Plot the <i>'Longtitude'</i> and <i>'Latitude'</i> columns. 

In [0]:
plt.scatter(data['Longitude'], data['Latitude'])
plt.xlim(-180,180)
plt.ylim(-90, 90)
plt.show()

## Select the features

Make sure to select the appropriate features since we are no longer using the categorical variable for our clustering but rather 'Longitude' and 'Laditude'.

In [0]:
x = data.iloc[:,1:3]
x

## Clustering

Use 4 clusters initially. 

In [0]:
kmeans = KMeans(4)

In [0]:
kmeans.fit(x)

### Clustering Resutls

In [0]:
identified_clusters = kmeans.fit_predict(x)
identified_clusters

In [0]:
data_with_clusters = data.copy()
data_with_clusters['Cluster'] = identified_clusters
data_with_clusters

Plot the data once again.
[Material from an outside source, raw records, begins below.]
lemma bell_coeff_complete_block:
  assumes n0: "0 < ns ! i" and dvi: "ns ! i dvd P" and a: "a < P" "a' < P"
    and r: "in_block ns i r0" "in_block ns i r0'"
  shows "(\<Sum>p<ns!i. \<Sum>q<ns!i. \<Sum>c1<P div (ns ! i).
      cnj (bell_coeff ns P (i,p,q) c1 a' r0') * bell_coeff ns P (i,p,q) c1 a r0) = (if a = a' \<and> r0 = r0' then 1 else 0)"
proof -
  let ?n = "ns ! i" and ?e = "P div (ns ! i)" and ?o = "blk_off ns i"
  let ?c = "complex_of_real (1 / sqrt (real ?n))"
  have e0: "0 < ?e" using a dvi n0 by (metis dvd_div_eq_0_iff less_nat_zero_code neq0_conv)
  have Pe: "P = ?n * ?e" using dvi by simp
  have ad: "a div ?e < ?n" "a' div ?e < ?n" using a Pe e0 by (auto simp: div_less_iff_less_mult mult.commute)
  have rl: "r0 - ?o < ?n" "r0' - ?o < ?n" using r unfolding in_block_def by auto
  have pt: "cnj (bell_coeff ns P (i,p,q) c1 a' r0') * bell_coeff ns P (i,p,q) c1 a r0 =
     (if c1 = a mod ?e \<and> c1 = a' mod ?e then ?c * ?c * (weyl ?n p q (r0' - ?o) (a' div ?e) * cnj (weyl ?n p q (r0 - ?o) (a div ?e))) else 0)" for p q c1
    using r by (auto simp: bell_coeff_def)
  have "(\<Sum>p<?n. \<Sum>q<?n. \<Sum>c1<?e. cnj (bell_coeff ns P (i,p,q) c1 a' r0') * bell_coeff ns P (i,p,q) c1 a r0) =
      (\<Sum>p<?n. \<Sum>q<?n. \<Sum>c1<?e. if c1 = a mod ?e \<and> c1 = a' mod ?e then ?c * ?c * (weyl ?n p q (r0' - ?o) (a' div ?e) * cnj (weyl ?n p q (r0 - ?o) (a div ?e))) else 0)"
    by (simp only: pt)
  also have "\<dots> = (\<Sum>c1<?e. \<Sum>p<?n. \<Sum>q<?n. if c1 = a mod ?e \<and> c1 = a' mod ?e then ?c * ?c * (weyl ?n p q (r0' - ?o) (a' div ?e) * cnj (weyl ?n p q (r0 - ?o) (a div ?e))) else 0)"
  proof -
    have "(\<Sum>p<?n. \<Sum>q<?n. \<Sum>c1<?e. if c1 = a mod ?e \<and> c1 = a' mod ?e then ?c * ?c * (weyl ?n p q (r0' - ?o) (a' div ?e) * cnj (weyl ?n p q (r0 - ?o) (a div ?e))) else 0)
       = (\<Sum>p<?n. \<Sum>c1<?e. \<Sum>q<?n. if c1 = a mod ?e \<and> c1 = a' mod ?e then ?c * ?c * (weyl ?n p q (r0' - ?o) (a' div ?e) * cnj (weyl ?n p q (r0 - ?o) (a div ?e))) else 0)"
      by (rule sum.cong[OF refl], rule sum.swap)
    also have "\<dots> = (\<Sum>c1<?e. \<Sum>p<?n. \<Sum>q<?n. if c1 = a mod ?e \<and> c1 = a' mod ?e then ?c * ?c * (weyl ?n p q (r0' - ?o) (a' div ?e) * cnj (weyl ?n p q (r0 - ?o) (a div ?e))) else 0)"
      by (rule sum.swap)
    finally show ?thesis .
  qed
  also have "\<dots> = (\<Sum>c1<?e. if c1 = a mod ?e \<and> c1 = a' mod ?e then ?c * ?c * (\<Sum>p<?n. \<Sum>q<?n. weyl ?n p q (r0' - ?o) (a' div ?e) * cnj (weyl ?n p q (r0 - ?o) (a div ?e))) else 0)"
    unfolding sum_if_const_cond sum_distrib_left by (rule refl)
  also have "(\<Sum>p<?n. \<Sum>q<?n. weyl ?n p q (r0' - ?o) (a' div ?e) * cnj (weyl ?n p q (r0 - ?o) (a div ?e))) =
      (if r0' - ?o = r0 - ?o \<and> a' div ?e = a div ?e then of_nat ?n else 0)"
    by (rule weyl_complete[OF n0 rl(2) ad(2) rl(1) ad(1)])
  also have "(\<Sum>c1<?e. if c1 = a mod ?e \<and> c1 = a' mod ?e then ?c * ?c * (if r0' - ?o = r0 - ?o \<and> a' div ?e = a div ?e then of_nat ?n else 0) else 0)
      = (if a' mod ?e = a mod ?e then ?c * ?c * (if r0' - ?o = r0 - ?o \<and> a' div ?e = a div ?e then of_nat ?n else 0) else 0)"
    using e0 by (simp add: sum_delta_both_eq)
  also have "\<dots> = (if a = a' \<and> r0 = r0' then 1 else 0)"
  proof -
    have "(a' mod ?e = a mod ?e \<and> a' div ?e = a div ?e) \<longleftrightarrow> a = a'" by (metis div_mult_mod_eq)
    moreover have "(r0' - ?o = r0 - ?o) \<longleftrightarrow> r0 = r0'" using r unfolding in_block_def by auto
    ultimately show ?thesis using inverse_sqrt_square_mult[OF n0] by auto
  qed
  finally show ?thesis .
qed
This time use the <i> c </i> parameter to separate the data by the clusters we defined.  

In [0]:
plt.scatter(data['Longitude'], data['Latitude'], c=data_with_clusters['Cluster'], cmap = 'rainbow')
plt.xlim(-180,180)
plt.ylim(-90, 90)
plt.show()

## Selecting the number of clusters

### WCSS

Use the ingerated <i>sklearn</i> method <i> 'inertia_' </i>.

In [0]:
kmeans.inertia_

Write a loop that calculates and saves the WCSS for any number of clusters from 1 up to 10 (or more if you wish).

In [0]:
wcss = []
# 'cl_num' is a that keeps track the highest number of clusters we want to use the WCSS method for.
# Note that 'range' doesn't include the upper boundery
cl_num = 11
for i in range (1,cl_num):
    kmeans= KMeans(i)
    kmeans.fit(x)
    wcss_iter = kmeans.inertia_
    wcss.append(wcss_iter)

In [0]:
wcss

### The Elbow Method

In [0]:
number_clusters = range(1,cl_num)
plt.plot(number_clusters, wcss)
plt.title('The Elbow Method')
plt.xlabel('Number of clusters')
plt.ylabel('Within-cluster Sum of Squares')
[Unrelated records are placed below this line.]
(* Let $(A,E)$ be the direct producted $W^*$-probability space over $D_N$ of $W^*$-probability spaces $(A_1,\varphi_1),\dots,(A_N,\varphi_N)$, and let $x=(a_1,\dots,a_N)\in A$. Then $x$ is $D_N$-even (resp. $D_N$-valued R-diagonal) if and only if every nonzero $a_j$ is even (resp. R-diagonal) in $(A_j,\varphi_j)$, $j=1,\dots,N$.
   Context: Each $A_j$ is a von Neumann algebra and $\varphi_j$ a state on $A_j$ with $\varphi_j(a^* )=\overline{\varphi_j(a)}$. $A=\times_{j=1}^N A_j$ with componentwise operations and adjoint $(a_1,\dots,a_N)^*=(a_1^*,\dots,a_N^* )$; $D_N=\mathbb{C}^N$ with componentwise operations, identified with the central subalgebra $\{(\alpha_1 1,\dots,\alpha_N 1)\}$ of $A$; $E((a_1,\dots,a_N))=(\varphi_1(a_1),\dots,\varphi_N(a_N))$. $D_N$-valued cumulants: $k_n(y_1,\dots,y_n)=\sum_{\sigma\in NC(n)}\prod_{V\in\sigma}E(\prod_{l\in V}y_l)\,\mu(\sigma,1_n)$; scalar cumulants $k_n^{(j)}$ analogously with $\varphi_j$. $x\in A$ is $D_N$-even if it is self-adjoint and $E(x^{2m-1})=0$ for all $m\in\mathbb{N}$; $a\in A_j$ is even if self-adjoint with $\varphi_j(a^{2m-1})=0$ for all $m$. $x$ is $D_N$-valued R-diagonal if the only nonvanishing mixed trivial $D_N$-valued cumulants of $x,x^*$ are $k_{2n}(x,x^*,\dots,x,x^* )$ or $k_{2n}(x^*,x,\dots,x^*,x)$; $a\in A_j$ is R-diagonal if the only nonvanishing cumulants $k^{(j)}_m(a^{u_1},\dots,a^{u_m})$, $u_l\in\{1,*\}$, are the alternating ones of even length. *)

theory Defs
  imports Complex_Main "HOL-Library.Disjoint_Sets" "HOL-Library.Function_Algebras"
begin

section \<open>Algebraic *-probability spaces (surrogate for W*-probability spaces)\<close>

record 'a sps =
  a_carrier :: "'a set"
  a_zero :: 'a
  a_one :: 'a
  a_add :: "'a \<Rightarrow> 'a \<Rightarrow> 'a"
  a_smult :: "complex \<Rightarrow> 'a \<Rightarrow> 'a"
  a_mult :: "'a \<Rightarrow> 'a \<Rightarrow> 'a"
  a_star :: "'a \<Rightarrow> 'a"
  a_phi :: "'a \<Rightarrow> complex"

definition star_prob_space :: "'a sps \<Rightarrow> bool" where
  "star_prob_space S \<longleftrightarrow>
    (let C = a_carrier S; z = a_zero S; u = a_one S; ad = a_add S; sm = a_smult S;
         mu = a_mult S; st = a_star S; ph = a_phi S in
     z \<in> C \<and> u \<in> C \<and>
     (\<forall>a\<in>C. \<forall>b\<in>C. ad a b \<in> C \<and> mu a b \<in> C) \<and>
     (\<forall>c. \<forall>a\<in>C. sm c a \<in> C) \<and> (\<forall>a\<in>C. st a \<in> C) \<and>
     \<comment> \<open>complex vector space\<close>
     (\<forall>a\<in>C. \<forall>b\<in>C. \<forall>c\<in>C. ad (ad a b) c = ad a (ad b c)) \<and>
     (\<forall>a\<in>C. \<forall>b\<in>C. ad a b = ad b a) \<and>
     (\<forall>a\<in>C. ad z a = a) \<and>
     (\<forall>a\<in>C. \<exists>b\<in>C. ad a b = z) \<and>
     (\<forall>c. \<forall>a\<in>C. \<forall>b\<in>C. sm c (ad a b) = ad (sm c a) (sm c b)) \<and>
     (\<forall>c d. \<forall>a\<in>C. sm (c + d) a = ad (sm c a) (sm d a)) \<and>
     (\<forall>c d. \<forall>a\<in>C. sm (c * d) a = sm c (sm d a)) \<and>
     (\<forall>a\<in>C. sm 1 a = a) \<and>
     \<comment> \<open>unital associative algebra\<close>
     (\<forall>a\<in>C. \<forall>b\<in>C. \<forall>c\<in>C. mu (mu a b) c = mu a (mu b c)) \<and>
     (\<forall>a\<in>C. mu u a = a \<and> mu a u = a) \<and>
     (\<forall>a\<in>C. \<forall>b\<in>C. \<forall>c\<in>C. mu a (ad b c) = ad (mu a b) (mu a c) \<and>
                              mu (ad a b) c = ad (mu a c) (mu b c)) \<and>
     (\<forall>k. \<forall>a\<in>C. \<forall>b\<in>C. mu (sm k a) b = sm k (mu a b) \<and> mu a (sm k b) = sm k (mu a b)) \<and>
     \<comment> \<open>involution\<close>
     (\<forall>a\<in>C. st (st a) = a) \<and>
     (\<forall>a\<in>C. \<forall>b\<in>C. st (ad a b) = ad (st a) (st b)) \<and>
     (\<forall>k. \<forall>a\<in>C. st (sm k a) = sm (cnj k) (st a)) \<and>
     (\<forall>a\<in>C. \<forall>b\<in>C. st (mu a b) = mu (st b) (st a)) \<and>
     \<comment> \<open>state\<close>
     (\<forall>a\<in>C. \<forall>b\<in>C. ph (ad a b) = ph a + ph b) \<and>
     (\<forall>k. \<forall>a\<in>C. ph (sm k a) = k * ph a) \<and>
     ph u = 1 \<and>
     (\<forall>a\<in>C. Im (ph (mu (st a) a)) = 0 \<and> Re (ph (mu (st a) a)) \<ge> 0) \<and>
     (\<forall>a\<in>C. ph (st a) = cnj (ph a)))"

fun spow :: "'a sps \<Rightarrow> 'a \<Rightarrow> nat \<Rightarrow> 'a" where
  "spow S a 0 = a_one S"
| "spow S a (Suc k) = a_mult S a (spow S a k)"

definition noncrossing :: "nat set set \<Rightarrow> bool" where
  "noncrossing \<sigma> \<longleftrightarrow> (\<forall>V\<in>\<sigma>. \<forall>W\<in>\<sigma>. V \<noteq> W \<longrightarrow>
      \<not> (\<exists>a b c d. a < b \<and> b < c \<and> c < d \<and> a \<in> V \<and> c \<in> V \<and> b \<in> W \<and> d \<in> W))"

definition NC :: "nat \<Rightarrow> nat set set set" where
  "NC n = {\<sigma>. partition_on {1..n} \<sigma> \<and> noncrossing \<sigma>}"

definition refines :: "nat set set \<Rightarrow> nat set set \<Rightarrow> bool" where
  "refines \<sigma> \<tau> \<longleftrightarrow> (\<forall>V\<in>\<sigma>. \<exists>W\<in>\<tau>. V \<subseteq> W)"

text \<open>Moebius function of the lattice NC(n), via the usual recursion
  mu(s,s)=1, mu(s,t) = - sum over s \<le> r < t of mu(s,r); the extra natural-number
  argument is fuel (recursion depth), which card (NC n) always suffices for.\<close>
fun nc_mob_aux :: "nat \<Rightarrow> nat \<Rightarrow> nat set set \<Rightarrow> nat set set \<Rightarrow> int" where
  "nc_mob_aux n 0 \<sigma> \<tau> = (if \<sigma> = \<tau> then 1 else 0)"
| "nc_mob_aux n (Suc k) \<sigma> \<tau> =
     (if \<sigma> = \<tau> then 1
      else if refines \<sigma> \<tau> then
        - (\<Sum>\<rho>\<in>{\<rho>\<in>NC n. refines \<sigma> \<rho> \<and> refines \<rho> \<tau> \<and> \<rho> \<noteq> \<tau>}. nc_mob_aux n k \<sigma> \<rho>)
      else 0)"

definition nc_mobius :: "nat \<Rightarrow> nat set set \<Rightarrow> nat set set \<Rightarrow> int" where
  "nc_mobius n \<sigma> \<tau> = nc_mob_aux n (card (NC n)) \<sigma> \<tau>"

definition one_part :: "nat \<Rightarrow> nat set set" where
  "one_part n = {{1..n}}"

definition oprod :: "('a \<Rightarrow> 'a \<Rightarrow> 'a) \<Rightarrow> 'a \<Rightarrow> (nat \<Rightarrow> 'a) \<Rightarrow> nat set \<Rightarrow> 'a" where
  "oprod mul u f V = foldr (\<lambda>l acc. mul (f l) acc) (sorted_list_of_set V) u"

text \<open>k_n(a_1,...,a_n); the argument list ys = [a_1,...,a_n], a_l = ys ! (l-1).\<close>
definition scum :: "'a sps \<Rightarrow> 'a list \<Rightarrow> complex" where
  "scum S ys = (let n = length ys in
     \<Sum>\<sigma>\<in>NC n. (\<Prod>V\<in>\<sigma>. a_phi S (oprod (a_mult S) (a_one S) (\<lambda>l. ys ! (l - 1)) V))
               * of_int (nc_mobius n \<sigma> (one_part n)))"

definition even_el :: "'a sps \<Rightarrow> 'a \<Rightarrow> bool" where
  "even_el S a \<longleftrightarrow> a_star S a = a \<and> (\<forall>m::nat. m \<ge> 1 \<longrightarrow> a_phi S (spow S a (2*m - 1)) = 0)"

text \<open>A word u in {1,*}: True stands for *, False for 1.\<close>
definition alt_even :: "bool list \<Rightarrow> bool" where
  "alt_even u \<longleftrightarrow> even (length u) \<and> (\<forall>i. Suc i < length u \<longrightarrow> u ! i \<noteq> u ! Suc i)"

definition apply_word :: "('b \<Rightarrow> 'b) \<Rightarrow> 'b \<Rightarrow> bool list \<Rightarrow> 'b list" where
  "apply_word st a u = map (\<lambda>b. if b then st a else a) u"

definition R_diagonal :: "'a sps \<Rightarrow> 'a \<Rightarrow> bool" where
  "R_diagonal S a \<longleftrightarrow>
     (\<forall>u. u \<noteq> [] \<longrightarrow> scum S (apply_word (a_star S) a u) \<noteq> 0 \<longrightarrow> alt_even u)"

text \<open>Elements of A are functions j \<mapsto> a_j (j \<in> {1..N}); elements of D_N are
  functions nat \<Rightarrow> complex vanishing outside {1..N}, with pointwise operations.\<close>

definition in_prod :: "nat \<Rightarrow> (nat \<Rightarrow> 'a sps) \<Rightarrow> (nat \<Rightarrow> 'a) \<Rightarrow> bool" where
  "in_prod N Af x \<longleftrightarrow> (\<forall>j\<in>{1..N}. x j \<in> a_carrier (Af j))"

definition prod_mult :: "(nat \<Rightarrow> 'a sps) \<Rightarrow> (nat \<Rightarrow> 'a) \<Rightarrow> (nat \<Rightarrow> 'a) \<Rightarrow> (nat \<Rightarrow> 'a)" where
  "prod_mult Af x y = (\<lambda>j. a_mult (Af j) (x j) (y j))"

definition prod_one :: "(nat \<Rightarrow> 'a sps) \<Rightarrow> (nat \<Rightarrow> 'a)" where
  "prod_one Af = (\<lambda>j. a_one (Af j))"

definition prod_star :: "(nat \<Rightarrow> 'a sps) \<Rightarrow> (nat \<Rightarrow> 'a) \<Rightarrow> (nat \<Rightarrow> 'a)" where
  "prod_star Af x = (\<lambda>j. a_star (Af j) (x j))"

definition prod_pow :: "(nat \<Rightarrow> 'a sps) \<Rightarrow> (nat \<Rightarrow> 'a) \<Rightarrow> nat \<Rightarrow> (nat \<Rightarrow> 'a)" where
  "prod_pow Af x k = (\<lambda>j. spow (Af j) (x j) k)"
Based on the Elbow Curve, plot several graphs with the appropriate amount of clusters you believe would best fit the data.

In this this specific case, that would be 2 or 3.
Compare the scatter plots to determine which one to use in any further analysis. 
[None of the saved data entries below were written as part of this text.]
text \<open>For an eigenvalue of multiplicity two, the exponent \<open>3 - dim_gen_eigenspace A c 1\<close> is the size of
  its largest Jordan block.\<close>

lemma power_dvd_minimal_poly_if_order_2:
  fixes A :: "complex mat"
  assumes A: "A \<in> carrier_mat n n" and ord: "Polynomial.order c (char_poly A) = 2"
  shows "[:-c, 1:] ^ (3 - dim_gen_eigenspace A c 1) dvd minimal_poly n A"
proof -
  obtain as where "char_poly A = (\<Prod>a\<leftarrow>as. [:- a, 1:])"
    using char_poly_factorized[OF A] by blast
  from jordan_nf_exists[OF A this] obtain n_as where jnf: "jordan_nf A n_as" ..
  have "eigenvalue A c"
    using ord degree_monic_char_poly[OF A] unfolding eigenvalue_root_char_poly[OF A]
    by (auto simp: order_root)
  then have one: "[:-c, 1:] ^ 1 dvd minimal_poly n A"
    using poly_eq_0_if_poly_mat_eq_0[OF A minimal_polyD(3)[OF A]] by (simp add: poly_eq_0_iff_dvd)
  have two: "[:-c, 1:] ^ 2 dvd minimal_poly n A" if "dim_gen_eigenspace A c 1 = 1"
  proof -
    have "dim_gen_eigenspace A c 2 = 2"
      using dim_gen_eigenspace_eq_order[OF jnf] ord by simp
    with that have "2 \<le> Polynomial.order c (minimal_poly n A)"
      by (intro two_le_order_if_poly_mat_eq_0[OF A minimal_polyD(1,3)[OF A]]) simp
    then show ?thesis
      using minimal_polyD(1)[OF A] by (simp add: order_divides)
  qed
  have "1 \<le> dim_gen_eigenspace A c 1" "dim_gen_eigenspace A c 1 \<le> 2"
    using dim_gen_eigenspace_pos[OF jnf, of c 1] dim_gen_eigenspace_le_order[OF jnf, of c 1] ord
    by simp_all
  then consider "dim_gen_eigenspace A c 1 = 1" | "dim_gen_eigenspace A c 1 = 2" by linarith
  then show ?thesis
    using one two by cases simp_all
qed

lemma degree_minimal_poly_double_pair:
  fixes A :: "complex mat"
  assumes A: "A \<in> carrier_mat 4 4" and cp: "char_poly A = ([:-a, 1:] * [:-b, 1:]) ^ 2" and ab: "a \<noteq> b"
  shows "degree (minimal_poly 4 A) = (3 - dim_gen_eigenspace A a 1) + (3 - dim_gen_eigenspace A b 1)"
proof -
  let ?e = "\<lambda>c. 3 - dim_gen_eigenspace A c 1"
  have ord: "Polynomial.order c (char_poly A) = 2" if "c = a \<or> c = b" for c
    unfolding cp using order_double_pair[OF ab that] .
  define q where "q = [:-a, 1:] ^ ?e a * [:-b, 1:] ^ ?e b"
  have q0: "q \<noteq> 0" unfolding q_def by auto
  have "poly_mat 4 q A = 0\<^sub>m 4 4"
  proof (rule poly_mat_eq_0_if_power_dvd[OF A])
    fix c assume "poly (char_poly A) c = 0"
    then have c: "c = a \<or> c = b" unfolding cp poly_double_pair_eq_0_iff .
    then show "[:-c, 1:] ^ (Polynomial.order c (char_poly A) + 1 - dim_gen_eigenspace A c 1) dvd q"
      unfolding ord[OF c] q_def by (auto simp: numeral_3_eq_3)
  qed
  then have "degree (minimal_poly 4 A) \<le> degree q"
    by (rule minimal_polyD(4)[OF A q0])
  also have "degree q = ?e a + ?e b"
    unfolding q_def by (simp add: degree_mult_eq degree_linear_power)
  finally show ?thesis
    using degree_ge_add_if_power_dvd[OF minimal_polyD(1)[OF A] ab
        power_dvd_minimal_poly_if_order_2[OF A ord] power_dvd_minimal_poly_if_order_2[OF A ord]]
    by simp
qed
<i>Hint: we already created the scatter plot for 4 clusters, so we only have to slightly alter our code.</i>

In [0]:
kmeans = KMeans(2)
kmeans.fit(x)

In [0]:
identified_clusters = kmeans.fit_predict(x)

In [0]:
data_with_clusters = data.copy()
data_with_clusters['Cluster'] = identified_clusters

In [0]:
plt.scatter(data['Longitude'], data['Latitude'], c=data_with_clusters['Cluster'], cmap = 'rainbow')
plt.xlim(-180,180)
plt.ylim(-90, 90)
plt.show()

In [0]:
kmeans = KMeans(3)
kmeans.fit(x)

In [0]:
identified_clusters = kmeans.fit_predict(x)

In [0]:
data_with_clusters = data.copy()
data_with_clusters['Cluster'] = identified_clusters

In [0]:
plt.scatter(data['Longitude'], data['Latitude'], c=data_with_clusters['Cluster'], cmap = 'rainbow')
plt.xlim(-180,180)
plt.ylim(-90, 90)
plt.show()

Think about the geological developments of Earth and how it split from one big continent (Pangea) into smaller multiple smaller ones.